text \<open>Stone--Weierstrass on the compact set \<^term>\<open>range torus_emb\<close>.\<close>

lemma trig_poly_dense:
  fixes h :: "complex^'n \<Rightarrow> real"
  assumes "continuous_on (range torus_emb) h" and "e > 0"
  obtains q where "q \<in> trig_poly" "\<And>x::real^'n. norm (complex_of_real (h (torus_emb x)) - q x) < e"
proof -
  define P where "P r \<longleftrightarrow> continuous_on UNIV r
    \<and> (\<exists>q\<in>trig_poly. \<forall>x::real^'n. complex_of_real (r (torus_emb x)) = q x)" for r :: "complex^'n \<Rightarrow> real"
  have "\<exists>r. P r \<and> (\<forall>z\<in>range torus_emb. \<bar>h z - r z\<bar> < e)"
  proof (rule Stone_Weierstrass_HOL[OF compact_range_torus_emb _ _ _ _ _ assms])
    show "P (\<lambda>_. c)" for c
      by (auto simp: P_def intro!: bexI[OF _ trig_poly_const])
    show "continuous_on (range torus_emb) r" if "P r" for r
      using that continuous_on_subset by (auto simp: P_def)
    show "P (\<lambda>z. r z + s z)" if "P r \<and> P s" for r s
      using that by (auto simp: P_def intro!: continuous_intros bexI[OF _ trig_poly.add])
    show "P (\<lambda>z. r z * s z)" if "P r \<and> P s" for r s
      using that by (auto simp: P_def intro!: continuous_intros bexI[OF _ trig_poly_mult])
    show "\<exists>r. P r \<and> r z \<noteq> r z'" if distinct: "z \<in> range torus_emb \<and> z' \<in> range torus_emb \<and> z \<noteq> z'" for z z'
    proof -
      obtain i where "z $ i \<noteq> z' $ i"
        using distinct by (metis vec_eq_iff)
      then have "Re (z $ i) \<noteq> Re (z' $ i) \<or> Im (z $ i) \<noteq> Im (z' $ i)"
        by (simp add: complex_eq_iff)
      moreover have "P (\<lambda>z. Re (z $ i))"
        unfolding P_def by (auto intro!: continuous_intros bexI[OF _ trig_poly_Re_torus_emb])
      moreover have "P (\<lambda>z. Im (z $ i))"
        unfolding P_def by (auto intro!: continuous_intros bexI[OF _ trig_poly_Im_torus_emb])
      ultimately show ?thesis
        by blast
    qed
  qed
  then obtain r q where "q \<in> trig_poly" "\<And>x. complex_of_real (r (torus_emb x)) = q x"
    and "\<And>z. z \<in> range torus_emb \<Longrightarrow> \<bar>h z - r z\<bar> < e"
    unfolding P_def by blast
  then show ?thesis
    using that[of q] by (metis norm_of_real of_real_diff rangeI)
qed

section \<open>Correlation and the weak form of a Fourier multiplier\<close>

lemma integrable_scaleR_bounded:
  fixes f :: "'a \<Rightarrow> real" and g :: "'a \<Rightarrow> 'b::{banach, second_countable_topology}"
  assumes "integrable M f" "g \<in> borel_measurable M" "\<And>x. norm (g x) \<le> B"
  shows "integrable M (\<lambda>x. f x *\<^sub>R g x)"
proof (rule Bochner_Integration.integrable_bound[OF integrable_scaleR_right[OF assms(1), of B]])
  show "(\<lambda>x. f x *\<^sub>R g x) \<in> borel_measurable M"
    using assms(1,2) by measurable
  have "0 \<le> B"
    using assms(3) norm_ge_zero order_trans by blast
  moreover have "\<bar>f x\<bar> * norm (g x) \<le> \<bar>f x\<bar> * B" for x
    using assms(3) by (intro mult_left_mono) auto
  ultimately show "AE x in M. norm (f x *\<^sub>R g x) \<le> norm (B *\<^sub>R f x)"
    by (intro AE_I2) (simp add: abs_mult mult.commute)
qed

text \<open>For even \<open>K\<close>, as here, this coincides with the convolution \<open>K * \<phi>\<close>.\<close>

definition correlation ::
    "('a::euclidean_space \<Rightarrow> real) \<Rightarrow> ('a \<Rightarrow> 'b::{banach, second_countable_topology}) \<Rightarrow> 'a \<Rightarrow> 'b" where
  "correlation K \<phi> x = (\<integral>y. K y *\<^sub>R \<phi> (x + y) \<partial>lborel)"

context
  fixes K :: "'a::euclidean_space \<Rightarrow> real" and \<phi> :: "'a \<Rightarrow> 'b::{banach, second_countable_topology}"
  assumes K [measurable]: "K \<in> borel_measurable borel" and \<phi> [measurable]: "\<phi> \<in> borel_measurable borel"
begin

lemma borel_measurable_correlation [measurable]: "correlation K \<phi> \<in> borel_measurable borel"
proof -
  have "(\<lambda>(x, y). K y *\<^sub>R \<phi> (x + y)) \<in> borel_measurable (lborel \<Otimes>\<^sub>M (lborel :: 'a measure))"
    by measurable
  then show ?thesis
    unfolding correlation_def using lborel.borel_measurable_lebesgue_integral by simp
qed

lemma integrable_correlation_integrand:
  "integrable lborel K \<Longrightarrow> (\<And>x. norm (\<phi> x) \<le> B) \<Longrightarrow> integrable lborel (\<lambda>y. K y *\<^sub>R \<phi> (x + y))"
  by (rule integrable_scaleR_bounded) auto

lemma norm_correlation_le:
  assumes "integrable lborel K" "\<And>x. norm (\<phi> x) \<le> B"
  shows "norm (correlation K \<phi> x) \<le> B * (\<integral>y. \<bar>K y\<bar> \<partial>lborel)"
proof -
  have "norm (correlation K \<phi> x) \<le> (\<integral>y. norm (K y *\<^sub>R \<phi> (x + y)) \<partial>lborel)"
    unfolding correlation_def by (rule integral_norm_bound)
  also have "\<dots> \<le> (\<integral>y. B * \<bar>K y\<bar> \<partial>lborel)"
  proof (rule integral_mono)
    show "integrable lborel (\<lambda>y. norm (K y *\<^sub>R \<phi> (x + y)))"
      using integrable_correlation_integrand[OF assms] by (rule integrable_norm)
    show "norm (K y *\<^sub>R \<phi> (x + y)) \<le> B * \<bar>K y\<bar>" for y
      using assms(2)[of "x + y"] by (simp add: mult.commute[of B] mult_left_mono)
  qed (use assms(1) in simp)
  finally show ?thesis
    by simp
qed

end

lemma tendsto_correlation:
  fixes \<phi> :: "nat \<Rightarrow> 'a::euclidean_space \<Rightarrow> 'b::{banach, second_countable_topology}"
  assumes "integrable lborel K" "K \<in> borel_measurable borel"
    and "\<And>m. \<phi> m \<in> borel_measurable borel" "\<And>m x. norm (\<phi> m x) \<le> B" "\<And>x. (\<lambda>m. \<phi> m x) \<longlonglongrightarrow> \<psi> x"
  shows "(\<lambda>m. correlation K (\<phi> m) x) \<longlonglongrightarrow> correlation K \<psi> x"
  unfolding correlation_def
proof (rule integral_dominated_convergence[where w = "\<lambda>y. \<bar>K y\<bar> * B"])
  show "(\<lambda>y. K y *\<^sub>R \<psi> (x + y)) \<in> borel_measurable lborel"
    using assms(2) borel_measurable_LIMSEQ_metric[OF assms(3,5)] by measurable
  show "(\<lambda>y. K y *\<^sub>R \<phi> m (x + y)) \<in> borel_measurable lborel" for m
    using assms(2,3) by measurable
  show "integrable lborel (\<lambda>y. \<bar>K y\<bar> * B)"
    using assms(1) by simp
  show "AE y in lborel. (\<lambda>m. K y *\<^sub>R \<phi> m (x + y)) \<longlonglongrightarrow> K y *\<^sub>R \<psi> (x + y)"
    using assms(5) by (simp add: tendsto_scaleR)
  show "AE y in lborel. norm (K y *\<^sub>R \<phi> m (x + y)) \<le> \<bar>K y\<bar> * B" for m
    using assms(4) by (simp add: mult_left_mono)
qed

lemma correlation_add:
  fixes \<phi> \<psi> :: "'a::euclidean_space \<Rightarrow> 'b::{banach, second_countable_topology}"
  assumes "integrable lborel K" "K \<in> borel_measurable borel"
    and "\<phi> \<in> borel_measurable borel" "\<And>x. norm (\<phi> x) \<le> B"
    and "\<psi> \<in> borel_measurable borel" "\<And>x. norm (\<psi> x) \<le> C"
  shows "correlation K (\<lambda>x. \<phi> x + \<psi> x) x = correlation K \<phi> x + correlation K \<psi> x"
  unfolding correlation_def scaleR_add_right
  by (intro Bochner_Integration.integral_add integrable_correlation_integrand[OF assms(2,3,1,4)]
      integrable_correlation_integrand[OF assms(2,5,1,6)])
(* For $a>0$, $S>0$, $\sigma=e^{-aS}$, the scaling function $\mathcal F(S,a,\lambda)$ (defined in the context) satisfies $$\mathcal F(S,a,0)=\frac{2a^3\sigma^2(1+\sigma^2)}{(1-\sigma^2)^3},\qquad \frac{\partial}{\partial\lambda}\mathcal F(S,a,\lambda)\Big|_{\lambda=0}=-\frac{a\,\sigma^2(385-189\sigma+154\sigma^2+54\sigma^3-11\sigma^4-9\sigma^5)}{70(1-\sigma)(1+\sigma)^4}.$$
   Context: For $a>0$, $\lambda\ge0$, let $A=\sqrt{1+3\lambda/a^2}$, $\sigma=e^{-aS}$, $W(\sigma,A)=4A^3(1-\sigma)^3+12A^2(1-\sigma)^2(1+\sigma)+A(1-\sigma)(11+38\sigma+11\sigma^2)+3(1+\sigma)(1+8\sigma+\sigma^2)$, $U(\sigma,A)=2A^2(1-\sigma)^2+5A(1-\sigma)(1+\sigma)+3(1+3\sigma+\sigma^2)$, $Y(S,a,\lambda)=a\bigl(-3A-36\,\sigma U/((1-\sigma)W)\bigr)$. Let $H(S,a,\lambda)$ be the unique solution on $S\in(0,\infty)$ of $6\partial_S H+4YH+(\partial_S Y)^2=0$ with $H\to0$ as $S\to\infty$, and $\mathcal F(S,a,\lambda)=H(S,a,\lambda)/3$. *)

theory Defs
  imports "HOL-Analysis.Analysis"
begin

definition Acoef :: "real \<Rightarrow> real \<Rightarrow> real" where
  "Acoef a lam = sqrt (1 + 3 * lam / a^2)"

definition Wfun :: "real \<Rightarrow> real \<Rightarrow> real" where
  "Wfun \<sigma> A = 4 * A^3 * (1 - \<sigma>)^3 + 12 * A^2 * (1 - \<sigma>)^2 * (1 + \<sigma>)
     + A * (1 - \<sigma>) * (11 + 38 * \<sigma> + 11 * \<sigma>^2) + 3 * (1 + \<sigma>) * (1 + 8 * \<sigma> + \<sigma>^2)"

definition Ufun :: "real \<Rightarrow> real \<Rightarrow> real" where
  "Ufun \<sigma> A = 2 * A^2 * (1 - \<sigma>)^2 + 5 * A * (1 - \<sigma>) * (1 + \<sigma>) + 3 * (1 + 3 * \<sigma> + \<sigma>^2)"

definition Yfun :: "real \<Rightarrow> real \<Rightarrow> real \<Rightarrow> real" where
  "Yfun S a lam = (let A = Acoef a lam; \<sigma> = exp (- a * S) in
     a * (- 3 * A - 36 * \<sigma> * Ufun \<sigma> A / ((1 - \<sigma>) * Wfun \<sigma> A)))"

definition Hsol :: "real \<Rightarrow> real \<Rightarrow> (real \<Rightarrow> real) \<Rightarrow> bool" where
  "Hsol a lam h \<longleftrightarrow>
     (\<forall>S>0. \<exists>d. (h has_real_derivative d) (at S) \<and>
        6 * d + 4 * Yfun S a lam * h S + (deriv (\<lambda>s. Yfun s a lam) S)^2 = 0)
     \<and> (h \<longlongrightarrow> 0) at_top"

definition Hfun :: "real \<Rightarrow> real \<Rightarrow> real \<Rightarrow> real" where
  "Hfun S a lam = (THE y. \<exists>h. Hsol a lam h \<and> h S = y)"

definition Ffun :: "real \<Rightarrow> real \<Rightarrow> real \<Rightarrow> real" where
  "Ffun S a lam = Hfun S a lam / 3"

end

theory Submission
  imports Defs
begin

..............................

What the exercise asks
Word for word, restate the data above from its first line down to and including the line with "bexI[OF _ trig_poly.add])".

Response area
text \<open>Stone--Weierstrass on the compact set \<^term>\<open>range torus_emb\<close>.\<close>

lemma trig_poly_dense:
  fixes h :: "complex^'n \<Rightarrow> real"
  assumes "continuous_on (range torus_emb) h" and "e > 0"
  obtains q where "q \<in> trig_poly" "\<And>x::real^'n. norm (complex_of_real (h (torus_emb x)) - q x) < e"
proof -
  define P where "P r \<longleftrightarrow> continuous_on UNIV r
    \<and> (\<exists>q\<in>trig_poly. \<forall>x::real^'n. complex_of_real (r (torus_emb x)) = q x)" for r :: "complex^'n \<Rightarrow> real"
  have "\<exists>r. P r \<and> (\<forall>z\<in>range torus_emb. \<bar>h z - r z\<bar> < e)"
  proof (rule Stone_Weierstrass_HOL[OF compact_range_torus_emb _ _ _ _ _ assms])
    show "P (\<lambda>_. c)" for c
      by (auto simp: P_def intro!: bexI[OF _ trig_poly_const])
    show "continuous_on (range torus_emb) r" if "P r" for r
      using that continuous_on_subset by (auto simp: P_def)
    show "P (\<lambda>z. r z + s z)" if "P r \<and> P s" for r s
      using that by (auto simp: P_def intro!: continuous_intros bexI[OF _ trig_poly.add])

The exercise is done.